Small children don't have this constraint either on their ability to comment about everything they hear and see either. "Mummy, why has that person got no hair?" "Mummy, that man just said a naughty word!" I have found it quite useful on occasion, when my small boy has commented on something that I am not “allowed” to. It can enable me to make a comment back, under the pretence of answering his question, but loud enough to inform the original speaker of my distain. "Mummy, that man just spitted on the floor!" "Well, how rude! I
think he must not realise how many germs he is spreading, what do you think sweetie? It is something that is learned; when to butt in and when not. To offer directions to someone you overhear, who is clearly lost, is perfectly acceptable. To offer your opinion on whether someone should disclose an affair to a spouse is clearly not.


We humans also have selective hearing most of the time. The much discussed and amusing misheard song lyrics are some of my favourite. Most of us have giggled at Jimmy Hendrix asking that we excuse him whilst "I kiss this guy" or Freddie Mercury telling us that “Beelzebub has a devil for a sideboard” (no? is that one just me then!)


Our brain is a very clever thing (mind you, I have to ask myself which part of my body is telling me this?).  Every sound we hear goes in through our ears and is dealt with by some process or other to select what we should attend to and what is "spare" noise. This is why, when in a room full of people and talk, we are not aware of anything that is said in amongst that background noise, until someone mentions our name (or funnily enough a swear word).  This is known as The Cocktail Party Effect and was studied by a man named (amusingly) Colin Cherry – thankfully the amusement on my part enabled me to remember this for my psychology A Level, back in the day.

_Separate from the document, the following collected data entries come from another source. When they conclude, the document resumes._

(* Let $(A,\mathcal H)$ be a commutative Hopf algebroid and $(A,\mathcal K)$ a sub-Hopf algebroid, with inclusion $\phi:\mathcal K\to\mathcal H$ and projection $\pi:\mathcal H\to\mathcal H/\mathcal H\mathcal K^+$. For every commutative $\Bbbk$-algebra $R$, the kernel of the restriction map $\Phi_R:\mathrm{CAlg}_\Bbbk(\mathcal H,R)\to\mathrm{CAlg}_\Bbbk(\mathcal K,R)$, $f\mapsto f\circ\phi$, namely $\{f: f\circ\phi=x\circ\varepsilon|_{\mathcal K}\text{ for some }x\in\mathrm{CAlg}_\Bbbk(A,R)\}$, equals $\{h\circ\pi:h\in\mathrm{CAlg}_\Bbbk(\mathcal H/\mathcal H\mathcal K^+,R)\}$; equivalently, the map $\mathscr G_{\mathcal H}(R)/\mathscr G_{\mathcal H/\mathcal H\mathcal K^+}(R)\to\mathscr G_{\mathcal K}(R)$, $\mathscr G_{\mathcal H/\mathcal H\mathcal K^+}(R)\bullet g\mapsto g\circ\phi$, is injective.
   Context: A commutative Hopf algebroid $(A,\mathcal H)$ over a field $\Bbbk$: commutative $\Bbbk$-algebras $A,\mathcal H$ with algebra maps $s,t:A\to\mathcal H$, $\varepsilon:\mathcal H\to A$, $\Delta:\mathcal H\to\mathcal H\otimes_A\mathcal H$ (left factor an $A$-module via $t$, right via $s$), $\mathcal S$ such that $(\mathcal H,\Delta,\varepsilon)$ is a coassociative counital $A$-coring, $\mathcal Ss=t$, $\mathcal St=s$, $\mathcal S^2=\mathrm{id}$, $\sum\mathcal S(u_1)u_2=t\varepsilon(u)$, $\sum u_1\mathcal S(u_2)=s\varepsilon(u)$ ($\Delta(u)=\sum u_1\otimes_Au_2$). A sub-Hopf algebroid $\mathcal K$: subalgebra containing $s(A),t(A)$, stable under $\mathcal S$, with $\Delta(\mathcal K)\subseteq\mathcal K\otimes_A\mathcal K$; $\mathcal K^+=\mathcal K\cap\ker\varepsilon$. $\mathscr G_{\mathcal H}(R)=\mathrm{CAlg}_\Bbbk(\mathcal H,R)$ is a groupoid with objects $\mathrm{CAlg}_\Bbbk(A,R)$, source $\varphi\mapsto\varphi s$, target $\varphi\mapsto\varphi t$, composition $(\psi\bullet\varphi)(h)=\sum\varphi(h_1)\psi(h_2)$ (similarly $\mathscr G_{\mathcal K}(R)$). $\mathscr G_{\mathcal H/\mathcal H\mathcal K^+}(R)=\mathrm{CAlg}_\Bbbk(\mathcal H/\mathcal H\mathcal K^+,R)$ embeds via $h\mapsto h\pi$, and $\mathscr G_{\mathcal H}(R)/\mathscr G_{\mathcal H/\mathcal H\mathcal K^+}(R)$ denotes the set of orbits $\{(h\circ\pi)\bullet g\}$ of the left action by composition. *)

theory Defs
  imports "HOL-Library.Poly_Mapping" "HOL-Algebra.QuotRing"
begin

definition kalg :: "('k::field \<Rightarrow> 'a::comm_ring_1) \<Rightarrow> bool" where
  "kalg \<iota> \<longleftrightarrow> \<iota> 1 = 1 \<and> (\<forall>x y. \<iota> (x + y) = \<iota> x + \<iota> y) \<and> (\<forall>x y. \<iota> (x * y) = \<iota> x * \<iota> y)"

definition calg :: "('k::field \<Rightarrow> 'a::comm_ring_1) \<Rightarrow> ('k \<Rightarrow> 'b::comm_ring_1) \<Rightarrow> ('a \<Rightarrow> 'b) \<Rightarrow> bool" where
  "calg \<iota>a \<iota>b f \<longleftrightarrow> f 1 = 1 \<and> (\<forall>x y. f (x + y) = f x + f y) \<and> (\<forall>x y. f (x * y) = f x * f y)
     \<and> (\<forall>c. f (\<iota>a c) = \<iota>b c)"

text \<open>Elements are represented by formal Z-linear combinations of pure tensors;
  the tensor product is the quotient by the subgroup generated by biadditivity
  and A-balancedness relations (left factor an A-module via t, right via s).\<close>

inductive_set tz2 :: "('a \<Rightarrow> 'h::comm_ring_1) \<Rightarrow> ('a \<Rightarrow> 'h) \<Rightarrow> ('h \<times> 'h \<Rightarrow>\<^sub>0 int) set"
  for s t where
  tz2_zero: "0 \<in> tz2 s t"
| tz2_add1: "Poly_Mapping.single (u + u', v) 1 - Poly_Mapping.single (u, v) 1
             - Poly_Mapping.single (u', v) 1 \<in> tz2 s t"
| tz2_add2: "Poly_Mapping.single (u, v + v') 1 - Poly_Mapping.single (u, v) 1
             - Poly_Mapping.single (u, v') 1 \<in> tz2 s t"
| tz2_bal: "Poly_Mapping.single (u * t a, v) 1 - Poly_Mapping.single (u, s a * v) 1 \<in> tz2 s t"
| tz2_diff: "X \<in> tz2 s t \<Longrightarrow> Y \<in> tz2 s t \<Longrightarrow> X - Y \<in> tz2 s t"

inductive_set tz3 :: "('a \<Rightarrow> 'h::comm_ring_1) \<Rightarrow> ('a \<Rightarrow> 'h) \<Rightarrow> ('h \<times> 'h \<times> 'h \<Rightarrow>\<^sub>0 int) set"
  for s t where
  tz3_zero: "0 \<in> tz3 s t"
| tz3_add1: "Poly_Mapping.single (u + u', v, w) 1 - Poly_Mapping.single (u, v, w) 1
             - Poly_Mapping.single (u', v, w) 1 \<in> tz3 s t"
| tz3_add2: "Poly_Mapping.single (u, v + v', w) 1 - Poly_Mapping.single (u, v, w) 1
             - Poly_Mapping.single (u, v', w) 1 \<in> tz3 s t"
| tz3_add3: "Poly_Mapping.single (u, v, w + w') 1 - Poly_Mapping.single (u, v, w) 1
             - Poly_Mapping.single (u, v, w') 1 \<in> tz3 s t"
| tz3_bal1: "Poly_Mapping.single (u * t a, v, w) 1 - Poly_Mapping.single (u, s a * v, w) 1 \<in> tz3 s t"
| tz3_bal2: "Poly_Mapping.single (u, v * t a, w) 1 - Poly_Mapping.single (u, v, s a * w) 1 \<in> tz3 s t"
| tz3_diff: "X \<in> tz3 s t \<Longrightarrow> Y \<in> tz3 s t \<Longrightarrow> X - Y \<in> tz3 s t"

definition teq2 :: "('a \<Rightarrow> 'h::comm_ring_1) \<Rightarrow> ('a \<Rightarrow> 'h) \<Rightarrow> ('h \<times> 'h \<Rightarrow>\<^sub>0 int) \<Rightarrow> ('h \<times> 'h \<Rightarrow>\<^sub>0 int) \<Rightarrow> bool" where
  "teq2 s t X Y \<longleftrightarrow> X - Y \<in> tz2 s t"

definition tpure :: "'h \<Rightarrow> 'h \<Rightarrow> ('h \<times> 'h \<Rightarrow>\<^sub>0 int)" where
  "tpure u v = Poly_Mapping.single (u, v) 1"

definition tmul2 :: "('h::comm_ring_1 \<times> 'h \<Rightarrow>\<^sub>0 int) \<Rightarrow> ('h \<times> 'h \<Rightarrow>\<^sub>0 int) \<Rightarrow> ('h \<times> 'h \<Rightarrow>\<^sub>0 int)" where
  "tmul2 X Y = (\<Sum>p\<in>Poly_Mapping.keys X. \<Sum>q\<in>Poly_Mapping.keys Y.
      Poly_Mapping.single (fst p * fst q, snd p * snd q) (Poly_Mapping.lookup X p * Poly_Mapping.lookup Y q))"

definition lact2 :: "'h::comm_ring_1 \<Rightarrow> ('h \<times> 'h \<Rightarrow>\<^sub>0 int) \<Rightarrow> ('h \<times> 'h \<Rightarrow>\<^sub>0 int)" where
  "lact2 h X = (\<Sum>p\<in>Poly_Mapping.keys X. Poly_Mapping.single (h * fst p, snd p) (Poly_Mapping.lookup X p))"

definition ract2 :: "('h::comm_ring_1 \<times> 'h \<Rightarrow>\<^sub>0 int) \<Rightarrow> 'h \<Rightarrow> ('h \<times> 'h \<Rightarrow>\<^sub>0 int)" where
  "ract2 X h = (\<Sum>p\<in>Poly_Mapping.keys X. Poly_Mapping.single (fst p, snd p * h) (Poly_Mapping.lookup X p))"

definition delta_left :: "('h \<Rightarrow> ('h \<times> 'h \<Rightarrow>\<^sub>0 int)) \<Rightarrow> ('h \<times> 'h \<Rightarrow>\<^sub>0 int) \<Rightarrow> ('h \<times> 'h \<times> 'h \<Rightarrow>\<^sub>0 int)" where
  "delta_left D X = (\<Sum>p\<in>Poly_Mapping.keys X. \<Sum>q\<in>Poly_Mapping.keys (D (fst p)).
      Poly_Mapping.single (fst q, snd q, snd p) (Poly_Mapping.lookup X p * Poly_Mapping.lookup (D (fst p)) q))"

My aged great aunt was notorious for her selective hearing. She could not hear you ask her anything unless you were sitting directly in front of her and speaking very clearly; however, on Christmas when my siblings and I were playing a game of Trivial Pursuit in another room, a question was asked about the winner of the Wimbledon Women's Singles in 1972. "Bilie-Jean King" came the cry from my great aunt! It was a wedge question too.


Back to Bugged - So far, I have overheard a young mum telling her small child that if she didn't "get here now you little bastard" there would be trouble, a woman stating that she would have to apply scabies cream before bed, thanks to her new job and half of a telephone conversation which culminated in the words “oh, it will be fine, she’s only got a little black eye”. I am quite confident that from one or more of these nuggets, I will be able to make some wild assumptions about the speakers and come up with something worth submitting.


Oh to be a small child, an aged great aunt or possibly Estonian to allow my innate nosiness to have free reign! I adore eavesdropping and, thanks to Bugged I am at last able to put my spurious talent to good use.